How New Technology is Changing the Film Industry


In 2011, the first feature film shot entirely on a Smartphone was screened at a West Hills cinema in Los Angeles. Olive, by director Hooman Khalili, was filmed solely on a Nokia N8 and thanks to its cinema run, qualifies for Academy Award consideration. Olive is a reminder that the traditional days of filmmaking are now behind us. The film industry today is in a constant state of change, with a wealth of new opportunities available for those with their finger on the pulse. Thanks to rapidly evolving digital technology, film making and distribution is undergoing a major revolution. Avenues such as YouTube, web series and smart phone applications are all viable- and often lucrative- methods of getting work into the public eye.

In the past, short film makers were lucky to have their work seen by a few hundred festival goers. These days, however, YouTube channels make it easy for filmmakers to broadcast their work to a worldwide audience. Whilst numerous directors run their own channels, collectives such as the Young Irish Film Makers host channels showcasing a number of different artists. Festivals like Sundance also broadcast pieces via this medium. YouTube has also played host to numerous exciting social media ventures, including India’s 2011 Dirt is Good film competition. The project, sponsored by a local laundry brand, invited young filmmakers the chance to work with Bollywood professionals to produce their own short films. In addition to being aired in more than 400 cinemas across India, the winning pieces are now featured on the competition’s YouTube channel. In their first week of broadcast, the films attracted more than 120,000 views, with the number increasing to 330,000 within a month.

Of course, Youtube is just one of many options for filmmakers wishing to get their content into the public eye. A number of more discerning video sites are appearing online, including Atom (atom.com) and Current TV (current.com). Many of these sites specialise in different genres, such as comedy or documentaries and have dedicated legions of fans. Current TV also broadcasts its top submissions on their UK cable TV channel and pays filmmakers accordingly.

The burgeoning medium of web TV is also making it possible for filmmakers to broadcast entire series without relying on hard-to-come-by television deals. Web TV has been growing steadily since it first appeared back in 1995. Creators of the first web series The Spot combined their short episodes with character blogs and viewer posts, which helped shape plot lines to suit audience tastes. As broadband speed and availability increased, delivering film content via the internet became the outlet of choice for many filmmakers looking reach a potentially global audience twenty-four hours a day. The International Academy of Web Television was founded in 2009 and is devoted to the advancement of this rapidly growing medium.

2011 saw the arrival of new UK series Persona. The world’s first “Smartphone Drama” allows viewers to download daily ‘appisodes’ for viewing on Smartphones and IPads. Now in its third season, Persona boasts more than 200,000 fans around the world.

Needless to say, these new avenues mark a major turning point for independent film.

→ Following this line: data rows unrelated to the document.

lemma columns_reflect_if_centrosymmetric_off_centre:
  assumes cols: "\<forall>i<m. \<sigma> i < n \<and> (\<forall>j<n. R i j = of_bool (j = \<sigma> i))"
    and sym: "centrosymmetric_off_centre m n R" and "i < m" "i \<noteq> m - 1 - i"
  shows "\<sigma> i = n - 1 - \<sigma> (m - 1 - i)"
proof -
  have "m - 1 - i < m" "\<sigma> i < n" "n - 1 - \<sigma> i < n" using cols \<open>i < m\<close> by auto
  have "1 = R i (\<sigma> i)" using cols \<open>i < m\<close> by simp
  also have "\<dots> = R (m - 1 - i) (n - 1 - \<sigma> i)"
    using sym \<open>i < m\<close> \<open>\<sigma> i < n\<close> \<open>i \<noteq> m - 1 - i\<close> unfolding centrosymmetric_off_centre_def by blast
  also have "\<dots> = of_bool (n - 1 - \<sigma> i = \<sigma> (m - 1 - i))"
    using cols \<open>m - 1 - i < m\<close> \<open>n - 1 - \<sigma> i < n\<close> by blast
  finally have "n - 1 - \<sigma> i = \<sigma> (m - 1 - i)" by simp
  then show ?thesis using \<open>\<sigma> i < n\<close> by linarith
qed

lemma Gamma_pi_entry_eq_centro_mean_if_support_within:
  assumes cols: "\<forall>i<m. \<sigma> i < n \<and> (\<forall>j<n. R i j = of_bool (j = \<sigma> i))"
    and sym: "centrosymmetric_off_centre m n R" and A: "A \<in> Gamma_pi m n"
    and support: "\<And>j. j < n \<Longrightarrow> centro_mean m n R i j = 0 \<Longrightarrow> A i j = 0"
    and "i < m" "j < n"
  shows "A i j = centro_mean m n R i j"
proof -
  have A_rows: "(\<Sum>j<n. A i j) = 1" and A_sym: "\<forall>i<m. \<forall>j<n. A i j = A (m - 1 - i) (n - 1 - j)"
    using A \<open>i < m\<close> unfolding Gamma_pi_iff stochastic_def by blast+
  define a where "a = \<sigma> i"
  define b where "b = n - 1 - \<sigma> (m - 1 - i)"
  have "a < n" "b < n" using cols \<open>i < m\<close> by (auto simp: a_def b_def)
  have X_row: "centro_mean m n R i j' = (of_bool (j' = a) + of_bool (j' = b)) / 2" if "j' < n" for j'
    using centro_mean_columns[OF cols \<open>i < m\<close> that] by (simp add: a_def b_def)
  have zero: "A i j' = 0" if "j' < n" "j' \<noteq> a" "j' \<noteq> b" for j'
    using support X_row that by simp
  have "A i a = A i b"
  proof (cases "i = m - 1 - i")
    case True
    then have "b = n - 1 - a" unfolding a_def b_def by metis
    then show ?thesis using A_sym[rule_format, OF \<open>i < m\<close> \<open>a < n\<close>] True by metis
  next
    case False
    then have "a = b"
      using columns_reflect_if_centrosymmetric_off_centre[OF cols sym \<open>i < m\<close>]
      by (simp add: a_def b_def)
    then show ?thesis by simp
  qed
  then have "A i j = (of_bool (j = a) + of_bool (j = b)) / 2"
    using eq_half_indicators_if_supported_on_pair[OF \<open>a < n\<close> \<open>b < n\<close> A_rows zero]
      \<open>j < n\<close> by blast
  then show ?thesis using X_row[OF \<open>j < n\<close>] by simp
qed

theorem extreme_centro_mean_if_centrosymmetric_off_centre:
  assumes "rect_perm m n R" and sym: "centrosymmetric_off_centre m n R"
  shows "extreme_mat (centro_mean m n R) (Gamma_pi m n)"
proof (rule extreme_mat_if_support_determines)
  obtain \<sigma> where cols: "\<forall>i<m. \<sigma> i < n \<and> (\<forall>j<n. R i j = of_bool (j = \<sigma> i))"
    using assms(1) unfolding rect_perm_iff_columns by blast
  show X: "centro_mean m n R \<in> Gamma_pi m n"
    by (rule centro_mean_in_Gamma_pi[OF stochastic_if_rect_perm[OF assms(1)]])
  show "\<And>A i j. A \<in> Gamma_pi m n \<Longrightarrow> 0 \<le> A i j" by (rule Gamma_pi_nonneg)
  fix A assume A: "A \<in> Gamma_pi m n"
    and support: "\<And>i j. centro_mean m n R i j = 0 \<Longrightarrow> A i j = 0"
  have "is_mat m n A" "is_mat m n (centro_mean m n R)"
    using A X unfolding Gamma_pi_iff stochastic_def by blast+
  moreover have "A i j = centro_mean m n R i j" if "i < m" "j < n" for i j
    using Gamma_pi_entry_eq_centro_mean_if_support_within[OF cols sym A support that] .
  ultimately show "A = centro_mean m n R"
    unfolding is_mat_def by (metis ext)
qed

definition split_row_pair :: "nat \<Rightarrow> nat \<Rightarrow> (nat \<Rightarrow> nat \<Rightarrow> real) \<Rightarrow> nat \<Rightarrow> nat \<Rightarrow> nat \<Rightarrow> real" where
  "split_row_pair m n R i = (\<lambda>r c.
     if r = i then R r c else if r = m - 1 - i then pi_mat m n R r c else centro_mean m n R r c)"

lemma split_row_pair_in_Gamma_pi:
  assumes R: "stochastic m n R" and "i < m" "i \<noteq> m - 1 - i"
  shows "split_row_pair m n R i \<in> Gamma_pi m n"
proof -
  let ?S = "split_row_pair m n R i" and ?X = "centro_mean m n R"
  have R_mat: "is_mat m n R" using R by (simp add: stochastic_def)
  then have S_mat: "is_mat m n ?S" using \<open>i < m\<close>
    by (auto simp: is_mat_def split_row_pair_def centro_mean_def pi_mat_def)
  have X: "stochastic m n ?X" using centro_mean_in_Gamma_pi[OF R] unfolding Gamma_pi_iff by blast
  have "stochastic m n ?S"
  proof (rule stochastic_if_rows_stochastic[OF S_mat])
    fix r assume "r < m"
    show "\<exists>F. stochastic m n F \<and> (\<forall>c<n. ?S r c = F r c)"
      using R stochastic_pi_mat[OF R] X by (auto simp: split_row_pair_def)
  qed
  moreover have "?S r c = ?S (m - 1 - r) (n - 1 - c)" if "r < m" "c < n" for r c
  proof -
    have "?X r c = ?X (m - 1 - r) (n - 1 - c)" using that by (simp add: centro_mean_def)
    then show ?thesis using that \<open>i < m\<close> \<open>i \<noteq> m - 1 - i\<close> by (auto simp: split_row_pair_def)
  qed
  ultimately show ?thesis unfolding Gamma_pi_iff by blast
qed

lemma centro_mean_midpoint_split_row_pair:
  assumes "i < m" "i \<noteq> m - 1 - i"
  shows "centro_mean m n R =
    (\<lambda>r c. (1/2) * split_row_pair m n R i r c + (1 - 1/2) * split_row_pair m n R (m - 1 - i) r c)"
  using assms by (auto simp: fun_eq_iff split_row_pair_def centro_mean_def)

theorem centrosymmetric_off_centre_if_extreme_centro_mean:
  assumes R: "stochastic m n R" and extreme: "extreme_mat (centro_mean m n R) (Gamma_pi m n)"
  shows "centrosymmetric_off_centre m n R"
  unfolding centrosymmetric_off_centre_def
proof (intro allI impI)
  fix i j assume "i < m" "j < n" "i \<noteq> m - 1 - i"
  then have "m - 1 - i < m" "m - 1 - i \<noteq> m - 1 - (m - 1 - i)" by auto
  then have "split_row_pair m n R (m - 1 - i) \<in> Gamma_pi m n"
    using split_row_pair_in_Gamma_pi[OF R] by blast
  moreover have "split_row_pair m n R i \<in> Gamma_pi m n"
    using split_row_pair_in_Gamma_pi[OF R] \<open>i < m\<close> \<open>i \<noteq> m - 1 - i\<close> by blast
  moreover have "0 < (1/2::real) \<and> (1/2::real) < 1" by simp
  ultimately have "split_row_pair m n R i = split_row_pair m n R (m - 1 - i)"
    using extreme centro_mean_midpoint_split_row_pair[OF \<open>i < m\<close> \<open>i \<noteq> m - 1 - i\<close>]
    unfolding extreme_mat_def by blast
  then have "split_row_pair m n R i i j = split_row_pair m n R (m - 1 - i) i j" by simp
  then show "R i j = R (m - 1 - i) (n - 1 - j)"
    using \<open>i < m\<close> \<open>j < n\<close> \<open>i \<noteq> m - 1 - i\<close> by (auto simp: split_row_pair_def)
qed

lemma centrosymmetric_off_centre_iff_even:
  assumes "is_mat m n R" "even m"
  shows "centrosymmetric_off_centre m n R \<longleftrightarrow> centrosymmetric m n R"
proof -
  have "i \<noteq> m - 1 - i" if "i < m" for i using assms(2) that by presburger
  then show ?thesis
    unfolding centrosymmetric_iff[OF assms(1)] centrosymmetric_off_centre_def by blast
qed

definition skip_centre :: "nat \<Rightarrow> nat \<Rightarrow> nat" where
  "skip_centre m i = (if i < m div 2 then i else Suc i)"

lemma del_center_row_apply:
  "i < m - 1 \<Longrightarrow> j < n \<Longrightarrow> del_center_row m n R i j = R (skip_centre m i) j"
  by (simp add: del_center_row_def skip_centre_def)

lemma skip_centre_image:
  assumes "odd m"
  shows "skip_centre m ` {..<m - 1} = {r. r < m \<and> r \<noteq> m - 1 - r}"
proof (intro set_eqI iffI)
  fix r assume "r \<in> {r. r < m \<and> r \<noteq> m - 1 - r}"
  then have "(if r < m div 2 then r else r - 1) \<in> {..<m - 1} \<and>
      r = skip_centre m (if r < m div 2 then r else r - 1)"
    using assms by (auto simp: skip_centre_def) presburger+
  then show "r \<in> skip_centre m ` {..<m - 1}" by blast
qed (use assms in \<open>auto simp: skip_centre_def split: if_splits\<close>)

lemma skip_centre_reflect:
  "odd m \<Longrightarrow> i < m - 1 \<Longrightarrow> skip_centre m (m - 1 - 1 - i) = m - 1 - skip_centre m i"
  by (auto simp: skip_centre_def) presburger+

lemma centrosymmetric_off_centre_iff_odd:
  assumes "odd m"
  shows "centrosymmetric_off_centre m n R \<longleftrightarrow> centrosymmetric (m - 1) n (del_center_row m n R)"
proof -
  have "is_mat (m - 1) n (del_center_row m n R)" by (simp add: is_mat_def del_center_row_def)
  then have "centrosymmetric (m - 1) n (del_center_row m n R) \<longleftrightarrow>
      (\<forall>i<m - 1. \<forall>j<n. del_center_row m n R i j = del_center_row m n R (m - 1 - 1 - i) (n - 1 - j))"
    by (rule centrosymmetric_iff)
  also have "\<dots> \<longleftrightarrow>
      (\<forall>i\<in>{..<m - 1}. \<forall>j<n. R (skip_centre m i) j = R (m - 1 - skip_centre m i) (n - 1 - j))"
  proof -
    have "del_center_row m n R i j = R (skip_centre m i) j"
      "del_center_row m n R (m - 1 - 1 - i) (n - 1 - j) = R (m - 1 - skip_centre m i) (n - 1 - j)"
      if "i < m - 1" "j < n" for i j
      using that del_center_row_apply[of "m - 1 - 1 - i" m "n - 1 - j" n R]
        skip_centre_reflect[OF assms that(1)] by (auto simp: del_center_row_apply)
    then show ?thesis by (metis lessThan_iff)
  qed
  also have "\<dots> \<longleftrightarrow> (\<forall>r\<in>skip_centre m ` {..<m - 1}. \<forall>j<n. R r j = R (m - 1 - r) (n - 1 - j))"
    by simp
  finally show ?thesis
    unfolding skip_centre_image[OF assms] centrosymmetric_off_centre_def by blast
qed
(* Fix $x,y>0$. As a function of the pair $(r,s)$, the extended mean value $E(r,s;x,y)$ is Schur-concave on $[0,\infty)\times[0,\infty)$ and Schur-convex on $(-\infty,0]\times(-\infty,0]$.
   Context: For $x,y>0$ and $r,s\in\mathbb{R}$ the extended mean values are defined by $E(r,s;x,y)=\bigl(\frac{r}{s}\cdot\frac{y^s-x^s}{y^r-x^r}\bigr)^{1/(s-r)}$ if $rs(r-s)(x-y)\neq0$; $E(r,0;x,y)=E(0,r;x,y)=\bigl(\frac1r\cdot\frac{y^r-x^r}{\ln y-\ln x}\bigr)^{1/r}$ if $r(x-y)\neq0$; $E(r,r;x,y)=e^{-1/r}\bigl(\frac{x^{x^r}}{y^{y^r}}\bigr)^{1/(x^r-y^r)}$ if $r(x-y)\neq0$; $E(0,0;x,y)=\sqrt{xy}$ if $x\neq y$; $E(r,s;x,x)=x$. A function $f$ of two real variables defined on $I\times I$ ($I$ an interval) is Schur-convex if $f(r,s)\le f(r',s')$ whenever $(r,s),(r',s')\in I^2$ satisfy $(r,s)\prec(r',s')$, meaning $r+s=r'+s'$ and $\max\{r,s\}\le\max\{r',s'\}$; $f$ is Schur-concave if $-f$ is Schur-convex. *)

theory Defs
  imports "HOL-Analysis.Analysis"
begin

definition ext_mean :: "real \<Rightarrow> real \<Rightarrow> real \<Rightarrow> real \<Rightarrow> real" where
  "ext_mean r s x y =
    (if x = y then x
     else if r \<noteq> 0 \<and> s \<noteq> 0 \<and> r \<noteq> s then
       ((r / s) * ((y powr s - x powr s) / (y powr r - x powr r))) powr (1 / (s - r))
     else if r \<noteq> 0 \<and> s = 0 then
       ((1 / r) * ((y powr r - x powr r) / (ln y - ln x))) powr (1 / r)
     else if r = 0 \<and> s \<noteq> 0 then
       ((1 / s) * ((y powr s - x powr s) / (ln y - ln x))) powr (1 / s)
     else if r = s \<and> r \<noteq> 0 then
       exp (- 1 / r) * ((x powr (x powr r) / y powr (y powr r)) powr (1 / (x powr r - y powr r)))
     else sqrt (x * y))"

definition majorized2 :: "real \<times> real \<Rightarrow> real \<times> real \<Rightarrow> bool" where
  "majorized2 p q \<longleftrightarrow> fst p + snd p = fst q + snd q \<and> max (fst p) (snd p) \<le> max (fst q) (snd q)"

definition schur_convex_on :: "real set \<Rightarrow> (real \<Rightarrow> real \<Rightarrow> real) \<Rightarrow> bool" where
  "schur_convex_on I f \<longleftrightarrow>
     (\<forall>r\<in>I. \<forall>s\<in>I. \<forall>r'\<in>I. \<forall>s'\<in>I. majorized2 (r, s) (r', s') \<longrightarrow> f r s \<le> f r' s')"

definition schur_concave_on :: "real set \<Rightarrow> (real \<Rightarrow> real \<Rightarrow> real) \<Rightarrow> bool" where
  "schur_concave_on I f \<longleftrightarrow> schur_convex_on I (\<lambda>r s. - f r s)"

end

theory Submission
  imports Defs
begin
lemma weighted_form_bound: "\<bar>weighted_form x y\<bar> \<le> weight_norm * norm x * norm y"
proof -
  have "\<bar>weighted_form x y\<bar> \<le> (\<Sum>a\<in>UNIV. \<Sum>b\<in>UNIV. \<bar>x$a * llr_weight$a * S$a$b * llr_weight$b * y$b\<bar>)"
    unfolding weighted_form_def by (rule order_trans[OF sum_abs sum_mono]) (rule sum_abs)
  also have "\<dots> \<le> (\<Sum>a\<in>UNIV. \<Sum>b\<in>UNIV. \<bar>llr_weight$a * S$a$b * llr_weight$b\<bar> * (norm x * norm y))"
  proof (intro sum_mono)
    fix a b
    have "\<bar>x$a * llr_weight$a * S$a$b * llr_weight$b * y$b\<bar> = \<bar>llr_weight$a * S$a$b * llr_weight$b\<bar> * (\<bar>x$a\<bar> * \<bar>y$b\<bar>)"
      by (simp add: abs_mult)
    also have "\<dots> \<le> \<bar>llr_weight$a * S$a$b * llr_weight$b\<bar> * (norm x * norm y)"
      by (intro mult_left_mono mult_mono component_le_norm_cart) auto
    finally show "\<bar>x$a * llr_weight$a * S$a$b * llr_weight$b * y$b\<bar> \<le> \<bar>llr_weight$a * S$a$b * llr_weight$b\<bar> * (norm x * norm y)" .
  qed
  also have "\<dots> = weight_norm * norm x * norm y"
    by (simp add: weight_norm_def sum_distrib_right mult.assoc)
  finally show ?thesis .
qed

So many distribution options provide directors with much greater freedom over their work, whilst social media outlets make marketing a film significantly cheaper and more effective. Internet distribution also gives independent films a much greater chance of making significant profits. Many filmmakers now sell their films via instant download from their website, resulting in a much greater profit margins than receiving royalties from a retailer. Selling direct to the public has the added bonus of direct contact with your audience base, often leading to valuable feedback and information.

New media is also providing major opportunities for funding and sponsorship. Many successful web series have scored lucrative deals, such as Neutrogena’s sponsorship of Lonelygirl15 and Visa’s regular banner ads throughout The Spot. These mediums also present plentiful opportunities for directors with no qualms about product placement. With audience numbers often heading towards the millions, many companies are flocking to have their products flaunted by young starlets on the next big web series. Persona is just one of many series able to hire professional cast and crew thanks to profitable product placement deals.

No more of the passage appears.